In general, lease accounting may not be ideal as it increases complexity and
implies the recognition as lease asset. To avoid these implications – for
instance in pay-as-produced contracts – the focus should be on control rights
exclusion. If only some of the lease contract conditions are fulfilled, the
financial instrument accounting options may apply. In such situations, the
applicability of own-use rules should be evaluated as a next step. The contract
is considered outside the scope of IFRS 9 (derivatives) if the contract is not net
cash settled, involves physical power procurement, and the volume specified
does not exceed actual power needs. However, it is still necessary to screen
the agreement for embedded derivatives. For most industrial companies, the
own-use option is very interesting because it reduces fair value measurement
complexity and profit and loss volatility.

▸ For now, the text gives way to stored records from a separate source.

(* Let $0<\alpha<\beta<1$. There exists a constant $\tilde C>0$, depending only on $\alpha$ and $\beta$, such that for every $\theta\in[0,1)$ and every $w\in V^\perp(\theta)$, $$|||w|||^2\le\tilde C\int_{Q_1}|w'(y)|^2\,dy.$$
   Context: $Q=(0,1)$, $Q_1=(0,\alpha)\cup(\beta,1)$. Let $p$ be a $1$-periodic measurable function with $p>0$, $p,p^{-1}\in L^\infty(0,1)$. For $\theta\in[0,1)$, $H^1_\theta(Q)=\{u\in H^1(0,1):u(1)=e^{2\pi i\theta}u(0)\}$ and $V(\theta)=\{v\in H^1_\theta(Q):p v'=0\text{ a.e. on }Q_1\}$. On $H^1(Q)$ use the norm $|||u|||=\bigl(|\int_{Q_1}u\,dy|^2+\int_Q|u'|^2dy\bigr)^{1/2}$ with associated inner product $\langle u,v\rangle=\bigl(\int_{Q_1}u\bigr)\overline{\bigl(\int_{Q_1}v\bigr)}+\int_Qu'\overline{v'}$. $V^\perp(\theta)$ is the orthogonal complement of $V(\theta)$ in $H^1_\theta(Q)$ with respect to this inner product. *)

theory Defs
  imports "HOL-Analysis.Analysis"
begin

definition Q1 :: "real \<Rightarrow> real \<Rightarrow> real set" where
  "Q1 \<alpha> \<beta> = {0<..<\<alpha>} \<union> {\<beta><..<1}"

text \<open>u belongs to H^1(0,1) with weak derivative u' (absolutely continuous
  representative on [0,1], derivative in L^2(0,1)).\<close>
definition H1 :: "(real \<Rightarrow> complex) \<Rightarrow> (real \<Rightarrow> complex) \<Rightarrow> bool" where
  "H1 u u' \<longleftrightarrow> set_borel_measurable lborel {0..1} u'
     \<and> set_integrable lborel {0..1} (\<lambda>x. (cmod (u' x))\<^sup>2)
     \<and> (\<forall>x\<in>{0..1}. u x = u 0 + (LINT t:{0..x}|lborel. u' t))"

definition H1_theta :: "real \<Rightarrow> (real \<Rightarrow> complex) \<Rightarrow> (real \<Rightarrow> complex) \<Rightarrow> bool" where
  "H1_theta \<theta> u u' \<longleftrightarrow> H1 u u' \<and> u 1 = exp (2 * pi * \<i> * complex_of_real \<theta>) * u 0"

definition V_theta :: "(real \<Rightarrow> real) \<Rightarrow> real \<Rightarrow> real \<Rightarrow> real \<Rightarrow> (real \<Rightarrow> complex) \<Rightarrow> (real \<Rightarrow> complex) \<Rightarrow> bool" where
  "V_theta p \<alpha> \<beta> \<theta> v v' \<longleftrightarrow> H1_theta \<theta> v v'
     \<and> (AE x in lborel. x \<in> Q1 \<alpha> \<beta> \<longrightarrow> complex_of_real (p x) * v' x = 0)"

definition ip :: "real \<Rightarrow> real \<Rightarrow> (real \<Rightarrow> complex) \<Rightarrow> (real \<Rightarrow> complex) \<Rightarrow> (real \<Rightarrow> complex) \<Rightarrow> (real \<Rightarrow> complex) \<Rightarrow> complex" where
  "ip \<alpha> \<beta> u u' v v' = (LINT y:Q1 \<alpha> \<beta>|lborel. u y) * cnj (LINT y:Q1 \<alpha> \<beta>|lborel. v y)
      + (LINT y:{0<..<1}|lborel. u' y * cnj (v' y))"

definition tnorm_sq :: "real \<Rightarrow> real \<Rightarrow> (real \<Rightarrow> complex) \<Rightarrow> (real \<Rightarrow> complex) \<Rightarrow> real" where
  "tnorm_sq \<alpha> \<beta> u u' = (cmod (LINT y:Q1 \<alpha> \<beta>|lborel. u y))\<^sup>2
      + (LINT y:{0<..<1}|lborel. (cmod (u' y))\<^sup>2)"

definition V_perp :: "(real \<Rightarrow> real) \<Rightarrow> real \<Rightarrow> real \<Rightarrow> real \<Rightarrow> (real \<Rightarrow> complex) \<Rightarrow> (real \<Rightarrow> complex) \<Rightarrow> bool" where
  "V_perp p \<alpha> \<beta> \<theta> w w' \<longleftrightarrow> H1_theta \<theta> w w'
     \<and> (\<forall>v v'. V_theta p \<alpha> \<beta> \<theta> v v' \<longrightarrow> ip \<alpha> \<beta> w w' v v' = 0)"

definition admissible_coeff :: "(real \<Rightarrow> real) \<Rightarrow> bool" where
  "admissible_coeff p \<longleftrightarrow> p \<in> borel_measurable lborel
     \<and> (\<forall>x. p (x + 1) = p x) \<and> (\<forall>x. p x > 0)
     \<and> (\<exists>M. AE x in lborel. x \<in> {0<..<1} \<longrightarrow> \<bar>p x\<bar> \<le> M)
     \<and> (\<exists>M. AE x in lborel. x \<in> {0<..<1} \<longrightarrow> \<bar>1 / p x\<bar> \<le> M)"

end

theory Submission
  imports Defs
begin

text \<open>Write \<open>a = w(0)\<close>, \<open>e = e\<^sup>2\<^sup>\<pi>\<^sup>i\<^sup>\<theta>\<close>, \<open>A = \<integral>\<^sub>Q\<^sub>1 |w'|\<^sup>2\<close>, \<open>D = \<integral>\<^sub>\<alpha>\<^sup>\<beta> w'\<close> and \<open>I = \<integral>\<^sub>Q\<^sub>1 w\<close>.
  By Cauchy--Schwarz, \<open>w\<close> oscillates by at most \<open>\<surd>A\<close> on each component of \<open>Q\<^sub>1\<close>; as
  \<open>w(1) = e a\<close>, this gives \<open>D \<approx> (e - 1) a\<close> and \<open>I \<approx> a (\<alpha> + e (1 - \<beta>))\<close> up to errors \<open>2\<surd>A\<close>.
  Orthogonality of \<open>w\<close> to two elements of \<open>V(\<theta>)\<close> that are constant on \<open>Q\<^sub>1\<close> (so that \<open>p\<close>
  plays no role) adds two relations. The one with constant slope on \<open>(\<alpha>,\<beta>)\<close> gives
  \<open>I (\<alpha> + e (1 - \<beta>))\<^sup>* + ((e - 1)/(\<beta> - \<alpha>))\<^sup>* D = 0\<close>, which forces \<open>|a| = O(\<surd>A)\<close> because
  \<open>|\<alpha> + e (1 - \<beta>)|\<^sup>2 + |e - 1|\<^sup>2/(\<beta> - \<alpha>) \<ge> (\<alpha> + 1 - \<beta>)\<^sup>2/2\<close> uniformly in \<open>\<theta>\<close>. The one with
  derivative \<open>w' - D/(\<beta> - \<alpha>)\<close> on \<open>(\<alpha>,\<beta>)\<close> gives \<open>\<integral>\<^sub>\<alpha>\<^sup>\<beta> |w'|\<^sup>2 = |D|\<^sup>2/(\<beta> - \<alpha>)\<close>. Hence every term
  of \<open>|||w|||\<^sup>2 = |I|\<^sup>2 + A + \<integral>\<^sub>\<alpha>\<^sup>\<beta> |w'|\<^sup>2\<close> is \<open>O(A)\<close>.\<close>

lemma set_integrable_const_bounded:
  fixes c :: "'a::{banach,second_countable_topology}"
  assumes "bounded S" "S \<in> sets lborel"
  shows "set_integrable lborel S (\<lambda>_. c)"
  unfolding set_integrable_def
  using assms emeasure_bounded_finite by (intro integrable_indicator) auto

lemma set_integral_const_interval:
  fixes c :: "'a::{banach,second_countable_topology}"
  assumes "a \<le> b"
  shows "(LINT x:{a<..<b}|lborel. c) = (b - a) *\<^sub>R c"
  using assms set_integral_const[of "{a<..<b}" lborel c] by simp

lemma set_integral_nonneg:
  fixes f :: "_ \<Rightarrow> real"
  assumes "\<And>x. x \<in> S \<Longrightarrow> 0 \<le> f x"
  shows "0 \<le> (LINT x:S|M. f x)"
  unfolding set_lebesgue_integral_def
  using assms by (intro Bochner_Integration.integral_nonneg) (auto simp: indicator_def)

lemma set_integral_mono_set:
  fixes f :: "_ \<Rightarrow> real"
  assumes "S \<subseteq> T" "S \<in> sets M" "set_integrable M T f" "\<And>x. x \<in> T \<Longrightarrow> 0 \<le> f x"
  shows "(LINT x:S|M. f x) \<le> (LINT x:T|M. f x)"
proof -
  have "set_integrable M S f" using set_integrable_subset assms by blast
  then show ?thesis
    using assms unfolding set_lebesgue_integral_def set_integrable_def
    by (intro integral_mono) (auto simp: indicator_def)
qed

lemma set_integral_finite_difference:
  fixes f :: "real \<Rightarrow> 'a::{banach,second_countable_topology}"
  assumes "finite X" "(A - B) \<union> (B - A) \<subseteq> X"
  shows "(LINT x:A|lborel. f x) = (LINT x:B|lborel. f x)"
  by (rule set_integral_discrete_difference[OF countable_finite[OF assms(1)] assms(2)]) auto

lemma set_integral_norm_le_measure:
  fixes f :: "real \<Rightarrow> 'a::{banach,second_countable_topology}"
  assumes "set_integrable lborel S f" "bounded S" "S \<in> sets lborel" "\<And>x. x \<in> S \<Longrightarrow> norm (f x) \<le> M"
  shows "norm (LINT x:S|lborel. f x) \<le> measure lborel S * M"
proof -
  have "norm (LINT x:S|lborel. f x) \<le> (LINT x:S|lborel. norm (f x))"
    by (rule set_integral_norm_bound[OF assms(1)])
  also have "\<dots> \<le> (LINT x:S|lborel. M)"
    using assms set_integrable_norm set_integrable_const_bounded by (intro set_integral_mono) auto
  also have "\<dots> = measure lborel S * M"
    using set_integral_const[OF assms(3), of M] emeasure_bounded_finite[OF assms(2)] by simp
  finally show ?thesis .
qed

lemma set_integrable_complex_of_real:
  fixes f :: "_ \<Rightarrow> real"
  assumes "set_integrable M S f"
  shows "set_integrable M S (\<lambda>x. complex_of_real (f x))"
proof -
  have "(\<lambda>x. indicator S x *\<^sub>R complex_of_real (f x)) = (\<lambda>x. complex_of_real (indicator S x *\<^sub>R f x))"
    by (auto simp: indicator_def)
  then show ?thesis
    using assms unfolding set_integrable_def by (simp only: complex_of_real_integrable_eq)
qed

text \<open>Cauchy--Schwarz against the constant 1, via nonnegativity of the quadratic
  \<open>c \<mapsto> \<integral>\<^sub>S (g - c)\<^sup>2\<close>.\<close>
lemma set_integral_square_le:
  fixes g :: "_ \<Rightarrow> real"
  assumes g: "set_integrable M S g" and g2: "set_integrable M S (\<lambda>x. (g x)\<^sup>2)"
    and S: "S \<in> sets M" "emeasure M S < \<infinity>"
  shows "(LINT x:S|M. g x)\<^sup>2 \<le> measure M S * (LINT x:S|M. (g x)\<^sup>2)"
proof -
  define N L R where "N = (LINT x:S|M. g x)" and "L = measure M S"
    and "R = (LINT x:S|M. (g x)\<^sup>2)"
  have quadratic_nonneg: "0 \<le> R - 2 * c * N + c\<^sup>2 * L" for c :: real
  proof -
    have const: "set_integrable M S (\<lambda>_. c\<^sup>2)"
      unfolding set_integrable_def using S by (intro integrable_indicator) auto
    have lin: "set_integrable M S (\<lambda>x. 2 * c * g x)" using g by auto
    have "(\<lambda>x. (g x - c)\<^sup>2) = (\<lambda>x. ((g x)\<^sup>2 - 2 * c * g x) + c\<^sup>2)"
      by (auto simp: power2_eq_square algebra_simps)
    then have "(LINT x:S|M. (g x - c)\<^sup>2) = R - 2 * c * N + c\<^sup>2 * L"
      using set_integral_add(2)[OF set_integral_diff(1)[OF g2 lin] const]
        set_integral_diff(2)[OF g2 lin] set_integral_const[OF S(1), of "c\<^sup>2"] S
      unfolding R_def N_def L_def by (simp add: less_top)
    moreover have "0 \<le> (LINT x:S|M. (g x - c)\<^sup>2)" by (rule set_integral_nonneg) simp
    ultimately show ?thesis by simp
  qed
  show ?thesis
  proof (cases "L = 0")
    case True
    then have "N = 0"
      using quadratic_nonneg[of "(R + 1) / (2 * N)"] by (cases "N = 0") (auto simp: field_simps)
    then show ?thesis using True unfolding N_def L_def by simp
  next
    case False
    then have "L > 0" unfolding L_def by (simp add: less_le)
    moreover have "0 \<le> R - 2 * (N / L) * N + (N / L)\<^sup>2 * L" by (rule quadratic_nonneg)
    ultimately show ?thesis
      unfolding N_def[symmetric] L_def[symmetric] R_def[symmetric]
      by (simp add: power2_eq_square field_simps)
  qed
qed

lemma set_square_integrable_imp_set_integrable:
  fixes g :: "real \<Rightarrow> 'a::{banach,second_countable_topology}"
  assumes "set_borel_measurable lborel S g" "set_integrable lborel S (\<lambda>x. (norm (g x))\<^sup>2)"
    and "bounded S" "S \<in> sets lborel"
  shows "set_integrable lborel S g"
proof (rule set_integrable_bound[OF _ assms(1)])
  show "set_integrable lborel S (\<lambda>x. 1 + (norm (g x))\<^sup>2)"
    using assms by (intro set_integral_add(1) set_integrable_const_bounded) auto
  have "t \<le> 1 + t\<^sup>2" for t :: real
    using sum_squares_ge_zero[of "t - 1/2" 0] by (simp add: power2_eq_square algebra_simps)
  then show "AE x in lborel. x \<in> S \<longrightarrow> norm (g x) \<le> norm (1 + (norm (g x))\<^sup>2)"
    by (intro AE_I2) (simp add: add_nonneg_nonneg)
qed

Risks, opportunities and valuation of PPAs
Understanding the risks and opportunities within PPAs is key to the decision-making process and the Fair Value measurement. It is important to analyze the underlying contract structures regarding volume and pricing and determine the relevant input parameters. The later ones can be difficult to assess and required market data might not be available on short notice. It can therefore be helpful to determine suitable market data providers considering costs and benefits and integration possibilities. At the end a robust valuation solution must be developed that serves as a basis for pre-deal analysis and post-deal valuation for IFRS reporting. Finally, a documentation of the methodology, functionalities and workflows should summarise the overall approach.

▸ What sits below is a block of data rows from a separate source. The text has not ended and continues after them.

lemma Htilde_q_of_cplx_root:
  assumes "1 / sqrt 3 \<le> x"
  shows "Htilde (q_of_cplx_root x) = exp (log_Htilde_cplx x)"
proof -
  have "1/2 < x"
    using assms by (rule half_less_of_inverse_sqrt_3_le)
  then have x: "0 < x" "1 < 2*x" "1 \<le> 3*x^2"
    using assms inverse_sqrt_le_iff[of 3 x] by auto
  define y where "y = sqrt (3*x^2 - 1)"
  have y: "y^2 = 3*x^2 - 1"
    using x by (simp add: y_def)
  have "cmod (Complex x y - 1) = sqrt (2*x*(2*x - 1))"
    using y by (simp add: cmod_def power2_eq_square algebra_simps)
  moreover have "cmod (Complex x y + 1) = sqrt (2*x*(2*x + 1))"
    using y by (simp add: cmod_def power2_eq_square algebra_simps)
  ultimately have ln: "ln (cmod ((Complex x y - 1) / (Complex x y + 1))) = (ln (2*x - 1) - ln (2*x + 1)) / 2"
    using x by (simp add: norm_divide ln_div ln_sqrt ln_mult real_sqrt_mult)
  have re: "Re ((Complex x y)^2) = 1 - 2*x^2"
    using y by (simp add: power2_eq_square)
  have "qtilde (q_of_cplx_root x) = Complex x y"
    using assms by (simp add: qtilde_q_of_cplx_root y_def)
  then show ?thesis
    unfolding Htilde_def log_Htilde_cplx_def by (simp only: ln re) (simp add: q_of_cplx_root_def)
qed

lemma Htilde_q_of_real_root:
  assumes "0 < t" "t \<le> 1 / sqrt 3"
  shows "Htilde (q_of_real_root t) = exp (log_Htilde_real t)"
proof -
  have "3*t^2 \<le> 1"
    using assms le_inverse_sqrt_iff[of 3 t] by auto
  then have "t^2 < 1"
    by simp
  then have "t < 1"
    using abs_square_less_1[of t] by simp
  have "(of_real t - 1) / (of_real t + 1) = complex_of_real ((t - 1) / (t + 1))"
    by simp
  then have "cmod ((of_real t - 1) / (of_real t + 1)) = (1 - t) / (1 + t)"
    using assms \<open>t < 1\<close> by (simp only: norm_of_real) (simp add: abs_div)
  then have ln: "ln (cmod ((of_real t - 1) / (of_real t + 1))) = ln (1 - t) - ln (1 + t)"
    using assms \<open>t < 1\<close> by (simp add: ln_div)
  have re: "q_of_real_root t * Re ((of_real t)^2) = t / (1 - t^2)"
    using assms \<open>t^2 < 1\<close> by (simp add: q_of_real_root_def power2_eq_square power3_eq_cube field_simps)
  have "qtilde (q_of_real_root t) = of_real t"
    using assms by (rule qtilde_q_of_real_root)
  then show ?thesis
    unfolding Htilde_def log_Htilde_real_def by (simp only: ln re)
qed
(*
  Write <.,.> for the inner product of L2(rho) and A, B, C for the Gram entries <T_s, T_s>,
  <T_t, T_t>, <T_s, T_t>, so that D = sqrt (A B - C^2) > 0 on the closed square. Along T + e V
  the integrand of the action is the square root of a polynomial in e whose coefficients are
  continuous in (s, t); differentiating under both integral signs gives the first variation
    int int (B <T_s, V_s> + A <T_t, V_t> - C (<T_s, V_t> + <T_t, V_s>)) / D ds dt.
  Integrating by parts in s and in t, without boundary terms since V vanishes on the edges, turns
  this into - int int <V, EL> ds dt, where EL is the left-hand side of the Euler-Lagrange
  equation. Hence EL = 0 implies stationarity. Conversely, testing stationarity with
  V = phi(s) psi(t) W(x) for C^1 bumps phi, psi and W = E / (1 + |E|), E = EL(s0, t0, .), the
  fundamental lemma of the calculus of variations yields int |E|^2 / (1 + |E|) rho dx = 0.
*)

section \<open>Parameter-dependent weighted integrals\<close>

lemma has_real_derivative_inner:
  fixes F G :: "real \<Rightarrow> 'a::real_inner"
  assumes "(F has_vector_derivative F') (at y within S)"
    and "(G has_vector_derivative G') (at y within S)"
  shows "((\<lambda>y. F y \<bullet> G y) has_real_derivative (F' \<bullet> G y + F y \<bullet> G')) (at y within S)"
proof -
  have "((\<lambda>y. F y \<bullet> G y) has_derivative (\<lambda>h. F y \<bullet> (h *\<^sub>R G') + (h *\<^sub>R F') \<bullet> G y)) (at y within S)"
    using assms unfolding has_vector_derivative_def by (intro has_derivative_inner)
  then show ?thesis unfolding has_field_derivative_def
    by (rule has_derivative_eq_rhs) (auto simp: algebra_simps fun_eq_iff)
qed

lemma abs_inner_le_square:
  fixes a b :: "'a::real_inner"
  assumes "norm a \<le> c" "norm b \<le> c"
  shows "\<bar>a \<bullet> b\<bar> \<le> c\<^sup>2"
proof -
  have "\<bar>a \<bullet> b\<bar> \<le> norm a * norm b" by (rule Cauchy_Schwarz_ineq2)
  also have "\<dots> \<le> c * c" using assms by (intro mult_mono) (auto intro: order_trans[OF norm_ge_zero])
  finally show ?thesis by (simp add: power2_eq_square)
qed

lemma norm_weighted_inner_le:
  fixes a b :: "'a::real_inner"
  assumes "norm a \<le> c" "norm b \<le> c" "w \<ge> 0"
  shows "norm ((a \<bullet> b) * w) \<le> c\<^sup>2 * w"
  using mult_right_mono[OF abs_inner_le_square[OF assms(1,2)] assms(3)] assms(3) by (simp add: abs_mult)

lemma integrable_weighted_inner:
  fixes F G :: "'a::euclidean_space \<Rightarrow> 'a" and \<rho> g :: "'a \<Rightarrow> real"
  assumes "\<rho> \<in> borel_measurable lborel" "\<And>x. \<rho> x \<ge> 0"
    and "integrable lborel (\<lambda>x. (g x)\<^sup>2 * \<rho> x)"
    and "F \<in> borel_measurable lborel" "G \<in> borel_measurable lborel"
    and "\<And>x. norm (F x) \<le> g x" "\<And>x. norm (G x) \<le> g x"
  shows "integrable lborel (\<lambda>x. (F x \<bullet> G x) * \<rho> x)"
proof (rule Bochner_Integration.integrable_bound[OF assms(3)])
  show "(\<lambda>x. (F x \<bullet> G x) * \<rho> x) \<in> borel_measurable lborel"
    using assms by measurable
  show "AE x in lborel. norm ((F x \<bullet> G x) * \<rho> x) \<le> norm ((g x)\<^sup>2 * \<rho> x)"
    using norm_weighted_inner_le[OF assms(6,7) assms(2)] assms(2) by (intro AE_I2) (simp add: abs_mult)
qed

Combined competence in sustainable energy: Deloitte and LevelTen
When embarking on the PPA route, a detailed strategy is an essential precondition to conclude a contract in a short time frame. Specialist qualification and experience enable Deloitte experts to offer valuable PPA support to energy and industrial companies, such as:
- cross-functionals workshops to understand the risks and drivers of a PPA,
- accounting support using a contract analysis tool,
- valuation and risk advisory services to develop a tool for IFRS - Fair Value Measurement,
- and audit services.
In a further step to contribute to our climate ambitions, Deloitte has started a collaboration with global renewable energy marketplace provider LevelTen Energy. LevelTen’s market platform for PPAs is based on advanced technology, including data and analytics options. For clients, it represents an attractive pathway to low-carbon energy solutions to actively source PPAs. The combination of Deloitte’s accounting expertise and efficient market access through LevelTen’s offering empower organizations to find the best way forward – towards a more sustainable future of energy.